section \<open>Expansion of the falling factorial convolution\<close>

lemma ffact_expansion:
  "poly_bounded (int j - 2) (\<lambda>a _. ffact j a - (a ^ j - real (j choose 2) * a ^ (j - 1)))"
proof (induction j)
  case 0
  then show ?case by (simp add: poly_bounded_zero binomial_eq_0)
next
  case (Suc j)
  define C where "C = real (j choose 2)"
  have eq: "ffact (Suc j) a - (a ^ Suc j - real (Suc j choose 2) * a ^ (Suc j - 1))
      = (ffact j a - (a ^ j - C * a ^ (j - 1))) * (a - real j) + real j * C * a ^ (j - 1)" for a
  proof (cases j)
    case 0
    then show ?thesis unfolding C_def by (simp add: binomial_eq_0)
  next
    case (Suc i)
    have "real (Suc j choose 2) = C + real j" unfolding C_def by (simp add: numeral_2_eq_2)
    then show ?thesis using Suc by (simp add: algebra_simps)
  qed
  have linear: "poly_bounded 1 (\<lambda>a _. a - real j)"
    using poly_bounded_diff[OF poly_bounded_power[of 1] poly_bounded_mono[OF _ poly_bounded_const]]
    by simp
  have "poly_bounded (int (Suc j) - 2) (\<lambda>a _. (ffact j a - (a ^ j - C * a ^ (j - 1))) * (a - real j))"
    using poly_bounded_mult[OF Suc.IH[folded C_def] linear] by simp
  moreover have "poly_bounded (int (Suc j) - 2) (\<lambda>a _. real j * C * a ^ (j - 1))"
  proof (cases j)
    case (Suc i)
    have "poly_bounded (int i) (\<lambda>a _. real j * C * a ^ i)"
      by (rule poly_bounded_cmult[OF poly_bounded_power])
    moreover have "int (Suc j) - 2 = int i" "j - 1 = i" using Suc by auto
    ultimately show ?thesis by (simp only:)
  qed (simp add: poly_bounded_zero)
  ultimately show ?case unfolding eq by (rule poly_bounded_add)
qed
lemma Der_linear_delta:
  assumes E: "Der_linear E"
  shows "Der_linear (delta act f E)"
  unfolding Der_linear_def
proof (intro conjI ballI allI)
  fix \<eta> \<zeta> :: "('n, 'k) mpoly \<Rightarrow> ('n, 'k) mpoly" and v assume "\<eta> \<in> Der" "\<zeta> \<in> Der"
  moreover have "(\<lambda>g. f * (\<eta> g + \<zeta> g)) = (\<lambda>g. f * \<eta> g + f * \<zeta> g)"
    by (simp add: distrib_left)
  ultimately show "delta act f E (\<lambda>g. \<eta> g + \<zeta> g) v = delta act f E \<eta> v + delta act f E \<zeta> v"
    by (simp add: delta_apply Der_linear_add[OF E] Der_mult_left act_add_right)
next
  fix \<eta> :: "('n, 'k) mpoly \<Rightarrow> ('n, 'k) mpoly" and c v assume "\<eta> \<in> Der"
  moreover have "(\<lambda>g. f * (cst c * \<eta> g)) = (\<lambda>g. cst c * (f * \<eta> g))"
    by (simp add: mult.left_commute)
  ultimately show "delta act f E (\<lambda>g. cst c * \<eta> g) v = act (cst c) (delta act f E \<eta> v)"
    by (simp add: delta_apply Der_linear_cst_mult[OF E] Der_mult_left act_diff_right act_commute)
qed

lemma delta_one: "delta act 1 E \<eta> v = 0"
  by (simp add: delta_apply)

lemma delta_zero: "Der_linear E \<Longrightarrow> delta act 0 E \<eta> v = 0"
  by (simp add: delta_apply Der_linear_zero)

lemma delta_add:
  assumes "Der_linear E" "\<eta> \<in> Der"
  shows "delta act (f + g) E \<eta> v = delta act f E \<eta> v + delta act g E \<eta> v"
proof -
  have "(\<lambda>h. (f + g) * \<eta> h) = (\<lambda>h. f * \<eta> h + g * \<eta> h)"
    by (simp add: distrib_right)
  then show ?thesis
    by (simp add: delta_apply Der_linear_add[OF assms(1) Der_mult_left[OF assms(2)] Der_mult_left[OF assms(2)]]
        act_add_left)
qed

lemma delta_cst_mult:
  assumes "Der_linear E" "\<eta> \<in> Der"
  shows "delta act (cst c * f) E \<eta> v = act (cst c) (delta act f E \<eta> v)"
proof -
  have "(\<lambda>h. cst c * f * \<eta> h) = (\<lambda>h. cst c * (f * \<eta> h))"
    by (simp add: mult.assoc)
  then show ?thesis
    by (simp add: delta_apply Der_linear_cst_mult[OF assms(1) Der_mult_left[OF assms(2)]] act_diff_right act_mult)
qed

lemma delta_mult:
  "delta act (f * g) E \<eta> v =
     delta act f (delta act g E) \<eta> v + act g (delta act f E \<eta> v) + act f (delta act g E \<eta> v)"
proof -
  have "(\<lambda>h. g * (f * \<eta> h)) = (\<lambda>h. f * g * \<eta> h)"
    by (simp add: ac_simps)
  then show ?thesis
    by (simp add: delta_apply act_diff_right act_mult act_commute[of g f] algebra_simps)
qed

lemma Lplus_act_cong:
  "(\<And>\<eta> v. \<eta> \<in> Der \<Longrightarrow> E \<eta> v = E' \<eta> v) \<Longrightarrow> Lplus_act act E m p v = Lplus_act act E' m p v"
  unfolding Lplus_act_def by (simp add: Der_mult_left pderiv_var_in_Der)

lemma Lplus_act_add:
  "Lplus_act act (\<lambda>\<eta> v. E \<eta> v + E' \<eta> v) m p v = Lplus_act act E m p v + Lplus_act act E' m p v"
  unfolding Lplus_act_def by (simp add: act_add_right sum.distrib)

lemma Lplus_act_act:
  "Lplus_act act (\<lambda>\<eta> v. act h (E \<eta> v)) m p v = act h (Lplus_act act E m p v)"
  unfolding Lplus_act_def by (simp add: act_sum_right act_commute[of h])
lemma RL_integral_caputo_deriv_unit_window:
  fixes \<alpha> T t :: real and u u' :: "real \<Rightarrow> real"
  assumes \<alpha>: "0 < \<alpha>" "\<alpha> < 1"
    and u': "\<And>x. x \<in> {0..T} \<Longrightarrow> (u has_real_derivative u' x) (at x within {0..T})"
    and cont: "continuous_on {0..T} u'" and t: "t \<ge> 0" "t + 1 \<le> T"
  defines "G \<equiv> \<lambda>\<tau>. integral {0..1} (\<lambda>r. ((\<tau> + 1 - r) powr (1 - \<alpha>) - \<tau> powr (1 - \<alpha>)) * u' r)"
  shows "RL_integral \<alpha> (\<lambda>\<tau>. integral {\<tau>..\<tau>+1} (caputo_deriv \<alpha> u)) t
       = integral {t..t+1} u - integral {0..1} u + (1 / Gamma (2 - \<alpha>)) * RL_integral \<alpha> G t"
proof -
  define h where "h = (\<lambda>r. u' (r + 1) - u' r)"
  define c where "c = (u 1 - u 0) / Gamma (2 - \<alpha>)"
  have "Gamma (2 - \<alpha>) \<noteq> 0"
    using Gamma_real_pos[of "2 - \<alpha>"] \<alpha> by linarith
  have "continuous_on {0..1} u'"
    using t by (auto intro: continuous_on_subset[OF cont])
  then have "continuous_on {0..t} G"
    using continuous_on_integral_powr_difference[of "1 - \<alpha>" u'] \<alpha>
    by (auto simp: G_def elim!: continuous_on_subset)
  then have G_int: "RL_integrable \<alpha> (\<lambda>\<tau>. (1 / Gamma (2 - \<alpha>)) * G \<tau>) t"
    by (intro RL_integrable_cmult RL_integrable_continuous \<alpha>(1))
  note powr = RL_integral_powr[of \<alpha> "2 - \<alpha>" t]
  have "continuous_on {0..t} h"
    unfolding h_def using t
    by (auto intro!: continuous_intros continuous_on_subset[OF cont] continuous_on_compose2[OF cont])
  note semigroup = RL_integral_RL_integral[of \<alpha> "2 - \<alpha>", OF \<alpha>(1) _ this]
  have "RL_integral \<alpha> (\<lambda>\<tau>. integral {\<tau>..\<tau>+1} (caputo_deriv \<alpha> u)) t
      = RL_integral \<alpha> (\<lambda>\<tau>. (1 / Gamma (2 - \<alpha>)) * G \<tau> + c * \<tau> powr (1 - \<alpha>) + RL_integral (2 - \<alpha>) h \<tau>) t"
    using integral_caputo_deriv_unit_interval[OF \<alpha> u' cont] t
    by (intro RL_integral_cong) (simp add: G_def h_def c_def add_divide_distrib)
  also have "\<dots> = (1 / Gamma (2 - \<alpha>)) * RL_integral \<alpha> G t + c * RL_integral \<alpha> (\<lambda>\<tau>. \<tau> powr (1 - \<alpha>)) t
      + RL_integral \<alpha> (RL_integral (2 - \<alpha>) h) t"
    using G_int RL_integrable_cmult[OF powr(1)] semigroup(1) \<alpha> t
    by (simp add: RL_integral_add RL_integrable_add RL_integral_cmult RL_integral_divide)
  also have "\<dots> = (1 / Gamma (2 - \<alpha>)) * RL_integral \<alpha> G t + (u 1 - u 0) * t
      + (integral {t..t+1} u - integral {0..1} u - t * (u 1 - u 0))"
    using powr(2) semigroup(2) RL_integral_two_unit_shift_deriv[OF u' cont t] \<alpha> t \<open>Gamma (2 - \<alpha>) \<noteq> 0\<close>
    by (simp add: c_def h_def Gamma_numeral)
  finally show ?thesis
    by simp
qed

# [Task to carry out]
Above are the entries. Quote exactly the lines from the one bearing "(cst c * \<eta>" through the one bearing "E (\<lambda>g. cst".

# [Worked solution]
  moreover have "(\<lambda>g. f * (cst c * \<eta> g)) = (\<lambda>g. cst c * (f * \<eta> g))"
    by (simp add: mult.left_commute)
  ultimately show "delta act f E (\<lambda>g. cst c * \<eta> g) v = act (cst c) (delta act f E \<eta> v)"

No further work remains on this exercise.